Daglian and the PCAC are still pushing for the governor and the MTA to go even further than a $5 City Ticket than can be used at any time, in the form of what the organization calls the Freedom Ticket, which offers a $5 commuter rail fare and a free transfer to the bus or subway. Even with details that still need to be worked out, Daglian said that the panel's recommendation was a next step towards a fully operational Freedom Ticket.
The recommendation also comes shortly after the MTA pooh-poohed a similar set of policy proposals from the Regional Plan Association that would lower intra-city LIRR and Metro-North fares to $2.75 and include a free bus or subway transfer, while also increasing service that runs through commuter rail stations inside the city. Not wanting to cross the boss, the transit agency didn't turn up its nose at the Hochul/Adams proposal, and instead focused on the report's promise of a new funding stream for the cash-strapped agency.

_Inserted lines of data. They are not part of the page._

(* Let $r>0$, let $\Theta\subset\mathbb{R}^d$ be compact and convex, and let $\{p(\cdot\mid\boldsymbol{\rho}):\boldsymbol{\rho}\in\Theta\}$ be a parametric family of densities on a sample space $\Omega$ such that for every $z\in\Omega$, $\boldsymbol{\rho}\mapsto\log p(z\mid\boldsymbol{\rho})$ is twice differentiable on an open set containing $\Theta$ and satisfies $\lambda_{\min}(-\nabla^2_{\boldsymbol{\rho}}\log p(z\mid\boldsymbol{\rho}))\ge\sigma^2$ for all $\boldsymbol{\rho}\in\Theta$, for some $\sigma^2>0$. Let $\boldsymbol{\theta}\in\Theta$ and let $\boldsymbol{Z}_1,\boldsymbol{Z}_2,\dots$ be i.i.d. with density $p(\cdot\mid\boldsymbol{\theta})$, distributed as $\boldsymbol{Z}$. Assume $\mathbb{E}[\nabla_{\boldsymbol{\rho}}\log p(\boldsymbol{Z}\mid\boldsymbol{\rho})|_{\boldsymbol{\rho}=\boldsymbol{\theta}}]=0$ and $\mathbb{E}[\|\nabla_{\boldsymbol{\rho}}\log p(\boldsymbol{Z}\mid\boldsymbol{\rho})|_{\boldsymbol{\rho}=\boldsymbol{\theta}}\|^{r+1}]<\infty$. Let $L_t(\boldsymbol{\rho})=\sum_{s=1}^t\log p(\boldsymbol{Z}_s\mid\boldsymbol{\rho})$ and $\boldsymbol{\theta}_t=\arg\max_{\boldsymbol{\rho}\in\Theta}L_t(\boldsymbol{\rho})$. Then $\boldsymbol{\theta}_t$ converges $r$-quickly to $\boldsymbol{\theta}$.
   Context: A sequence of random vectors $\boldsymbol{Z}_t$ converges $r$-quickly to $\boldsymbol{Z}$ if for every $\epsilon>0$, $\mathbb{E}[L_\epsilon^r]<\infty$, where $L_\epsilon:=\sup\{t\in\mathbb{N}:\|\boldsymbol{Z}_t-\boldsymbol{Z}\|>\epsilon\}$ (with $\sup\emptyset=0$). $\lambda_{\min}$ denotes the smallest eigenvalue; $\|\cdot\|$ is the Euclidean norm. *)

theory Defs
  imports "HOL-Probability.Probability"
begin

definition real_eigenvalues :: "real^'n^'n \<Rightarrow> real set" where
  "real_eigenvalues A = {c. \<exists>v. v \<noteq> 0 \<and> A *v v = c *\<^sub>R v}"

definition lambda_min :: "real^'n^'n \<Rightarrow> real" where
  "lambda_min A = Min (real_eigenvalues A)"

text \<open>L_eps = sup of indices t (t \<ge> 1) with norm (X_t - Y) > eps, sup of empty set = 0.\<close>
definition last_exit :: "real \<Rightarrow> (nat \<Rightarrow> 'o \<Rightarrow> 'b::real_normed_vector) \<Rightarrow> ('o \<Rightarrow> 'b) \<Rightarrow> 'o \<Rightarrow> nat set" where
  "last_exit eps X Y \<omega> = {t. 1 \<le> t \<and> norm (X t \<omega> - Y \<omega>) > eps}"

definition last_exit_pow :: "real \<Rightarrow> real \<Rightarrow> (nat \<Rightarrow> 'o \<Rightarrow> 'b::real_normed_vector) \<Rightarrow> ('o \<Rightarrow> 'b) \<Rightarrow> 'o \<Rightarrow> ennreal" where
  "last_exit_pow r eps X Y \<omega> =
     (if finite (last_exit eps X Y \<omega>) then ennreal (real (Sup (last_exit eps X Y \<omega>)) powr r) else \<infinity>)"

definition r_quickly :: "'o measure \<Rightarrow> real \<Rightarrow> (nat \<Rightarrow> 'o \<Rightarrow> 'b::real_normed_vector) \<Rightarrow> ('o \<Rightarrow> 'b) \<Rightarrow> bool" where
  "r_quickly M r X Y \<longleftrightarrow> (\<forall>eps>0. (\<integral>\<^sup>+ \<omega>. last_exit_pow r eps X Y \<omega> \<partial>M) < \<infinity>)"

end

theory Submission
  imports Defs
begin

(*
  The maximum likelihood property together with strong concavity of the log-likelihood L_t gives
  the deterministic bound  t sigma^2/2 |theta_t - theta|^2 <= grad L_t(theta) . (theta_t - theta),
  hence  t sigma^2/2 |theta_t - theta| <= sum_e |sum_{s<=t} grad log p(Z_s|theta) . e|  for an
  orthonormal basis e of the directions in which Theta extends from theta.  Each projected score
  is a centred i.i.d. sequence with a finite (r+1)-th moment, so it suffices to show that for such
  a sequence the last time t with |S_t| > eps t has a finite r-th moment.  For this, truncate the
  summands at level t^alpha, alpha = (r+2)/(2(r+1)): a deviation |S_t| > eps t forces either a
  single summand of size ~ t (controlled by the (r+1)-th moment), or a fixed number m of summands
  above the level (probability O(t^m t^(-m(r+2)/2))), or a deviation of the truncated centred sum
  (Bernstein: exp(-b t^(1-alpha))); all three are summable against the weight t^r.
*)

section \<open>Bernstein's inequality\<close>

lemma exp_le_one_plus_x_plus_sq:
  fixes x :: real
  assumes "\<bar>x\<bar> \<le> 1"
  shows "exp x \<le> 1 + x + x\<^sup>2"
proof (cases "x \<ge> 0")
  case True
  then show ?thesis using exp_bound[of x] assms by auto
next
  case False
  define y where "y = - x"
  have y: "0 \<le> y" "y \<le> 1" using False assms by (auto simp: y_def)
  have pos: "0 < 1 + y + y\<^sup>2 / 2" using y by (simp add: add_pos_nonneg)
  have "1 - y + y\<^sup>2 = (y - 1/2)\<^sup>2 + 3/4" by (simp add: power2_eq_square field_simps)
  then have pos2: "0 < 1 - y + y\<^sup>2" by (simp add: add_nonneg_pos)
  have "(1 + y + y\<^sup>2 / 2) * (1 - y + y\<^sup>2) = 1 + (y\<^sup>2 + y^3 + y^4) / 2"
    by (simp add: field_simps power2_eq_square power3_eq_cube power4_eq_xxxx)
  then have key: "1 \<le> (1 + y + y\<^sup>2 / 2) * (1 - y + y\<^sup>2)" using y by simp
  have "exp x = inverse (exp y)" by (simp add: y_def exp_minus)
  also have "\<dots> \<le> inverse (1 + y + y\<^sup>2 / 2)"
    using exp_lower_Taylor_quadratic[OF y(1)] pos by (intro le_imp_inverse_le) auto
  also have "\<dots> \<le> 1 - y + y\<^sup>2" using key pos pos2 by (simp add: field_simps)
  finally show ?thesis by (simp add: y_def)
qed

In addition to the New New York panel, "we are hearing from legislators who are stepping up with a range of ideas to address New York’s mass transit funding crisis," said MTA spokesman John McCarthy. "We look forward to working with all our partners in Albany, City Hall, and Washington over the next few months to identify new recurring revenues so we can deliver the essential mass transit services that are the economic and equity engine of the region."
The MTA is staring over the edge of a well-documented fiscal cliff, thanks to plummeting ridership during the pandemic — and a slow return of customers, whose fares fund most of the basic operation of the subway. On Wednesday, two state lawmakers threw out their first marker for a substantial increase in the MTA budget, plus a plan for free bus service.